Salt when added to bread, diminishes the effect of the yeast in bread making and thus affects the texture of the bread.
As a preservative all our pickles, dried vegetable வத்தல் (vathal), வடாம் (vadaam) and அப்பளம் (appalaam) are salted so that it helps with taste and a longer shelf life. Salt dehydrates and provides an atmosphere not favourable to bacteria. நார்த்தங்காய் (kaffir lime) pickle is nothing but kaffir lime and salt and yet is so flavoursome and can be preserved for years with salt alone.
Salt provides us with sodium which is vital for the effective functioning of body and iodised salt also provides the iodine to prevent thyroid problems and goitre. People with certain health issues are of course advised by their physicians to reduce their salt intake.
The Latin name for salt is sal or salis and it is said that the word salary came from the Latin name. Salt was used as a trading commodity and was used to buy and sell slaves. It is said that Roman soldiers were paid partly with salt. And the word soldier is also said to have been derived from sal daire (to give salt). A much sought after commodity, we all know of the Salt March (Dandi March) led by Gandhiji in our own country to protest against the levy of heavy taxes on salt by the British.
Salt has many uses in the kitchen other than just for flavouring food. Stove top baking of cakes and bread can be done by spreading a layer of salt in the baking container to distribute heat evenly. Many of our street vendors use salt for roasting peanuts, corn and I use it at home for even making papad without using oil. As a cleaning agent it is unparalleled. A little bit of salt, vinegar and any flour makes your silver and copper vessels sparkle. Other uses include stain removing, preventing browning of fruits, as a disinfectant for sores, for gargling, even in tooth powder and many more.

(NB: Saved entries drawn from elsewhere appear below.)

lemma comps_unique_preimage:
  assumes cov: "covering \<A> \<B> \<phi> \<or> in_covering \<A> \<B> \<phi>" and wf: "wf_twa \<A>"
    and alph: "alph \<A> = alph \<B>" and c: "c \<in> comps \<B>"
  shows "\<exists>!c'. c' \<in> comps \<A> \<and> comp_image \<phi> c' = c"
proof -
  obtain w rs where c_eq: "c = (w, rs)" and comp: "is_comp \<B> w rs"
    using c by (auto simp: comps_def)
  have "\<exists>!cs. is_comp \<A> w cs \<and> map (apfst \<phi>) cs = rs"
    using cov covering_unique_lift[OF _ wf alph comp] in_covering_unique_lift[OF _ wf alph comp]
    by blast
  then obtain cs where cs: "is_comp \<A> w cs" "map (apfst \<phi>) cs = rs"
    and cs_unique: "\<And>us. is_comp \<A> w us \<Longrightarrow> map (apfst \<phi>) us = rs \<Longrightarrow> us = cs"
    by blast
  show ?thesis
  proof (rule ex1I[of _ "(w, cs)"])
    show "(w, cs) \<in> comps \<A> \<and> comp_image \<phi> (w, cs) = c"
      using cs by (simp add: comps_def comp_image_conv c_eq)
  next
    fix c' assume c': "c' \<in> comps \<A> \<and> comp_image \<phi> c' = c"
    then obtain w' us where "c' = (w', us)" "is_comp \<A> w' us"
      by (auto simp: comps_def)
    with c' show "c' = (w, cs)"
      using cs_unique by (simp add: comp_image_conv c_eq)
  qed
qed

theorem mainTheorem2:
  fixes \<A> :: "('q, 'a, 'k::semiring_1) twa" and \<B> :: "('r, 'a, 'k) twa" and \<phi> :: "'q \<Rightarrow> 'r"
  assumes "wf_twa \<A>" and "wf_twa \<B>" and "alph \<A> = alph \<B>"
    and "covering \<A> \<B> \<phi> \<or> in_covering \<A> \<B> \<phi>"
  shows "bij_betw (comp_image \<phi>) (comps \<A>) (comps \<B>)
    \<and> (\<forall>c\<in>comps \<A>. label (comp_image \<phi> c) = label c
                     \<and> weight \<B> (comp_image \<phi> c) = weight \<A> c)"
proof -
  have mor: "is_morphism \<A> \<B> \<phi>"
    using assms(4) by (auto simp: covering_def in_covering_def surj_morphism_def)
  have image: "comp_image \<phi> c \<in> comps \<B> \<and> label (comp_image \<phi> c) = label c
      \<and> weight \<B> (comp_image \<phi> c) = weight \<A> c" if "c \<in> comps \<A>" for c
    using that is_comp_morphism[OF mor assms(3)] weight_morphism[OF mor]
    by (auto simp: comps_def comp_image_conv label_def)
  have "bij_betw (comp_image \<phi>) (comps \<A>) (comps \<B>)"
    using image comps_unique_preimage[OF assms(4,1,3)] by (intro bij_betw_if_ex1_preimage) auto
  with image show ?thesis
    by blast
qed

end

Salt is used to ward off the evil eye (சுத்தி போடரது, नज़र उतारना). Offering of salt and jaggery is done at the temple tank of Vaitheeswaran temple and offering of salt and pepper at the Veeraraghava perumal temple as this is believed to get rid of ailments. At the Uppiliappan temple in Kumbakonam all prasadam is made without salt. The Sthala Puranam for this temple goes as follows. Sage Markandeya found a baby girl under a Tulasi plant and brought up and she was none other than Mahalakshmi. Mahavishnu, in the guise of an old man cane and asked for her hand in marriage, whereupon the sage said that she was too young and would not even know how much salt to add to the food she cooked. The old man said he would eat food without salt so she would have no problems. Realising that the old man was none other than Mahavishnu, the sage got them married. The Dhyana slokam for this temple is:
He is adorned with yellow silk, as beautiful as crores of rising suns and moons. He, who is beautiful and dark like a cloud, with his luminous and majestic face, is adorned with different ornaments. With abounding grace and elegance, the one who has given up salt for his beloved Lakshmi, holding the chakram and the conch, oh Lord of Vaikunta, consort of Bhooma Devi, I take refuge in Thee.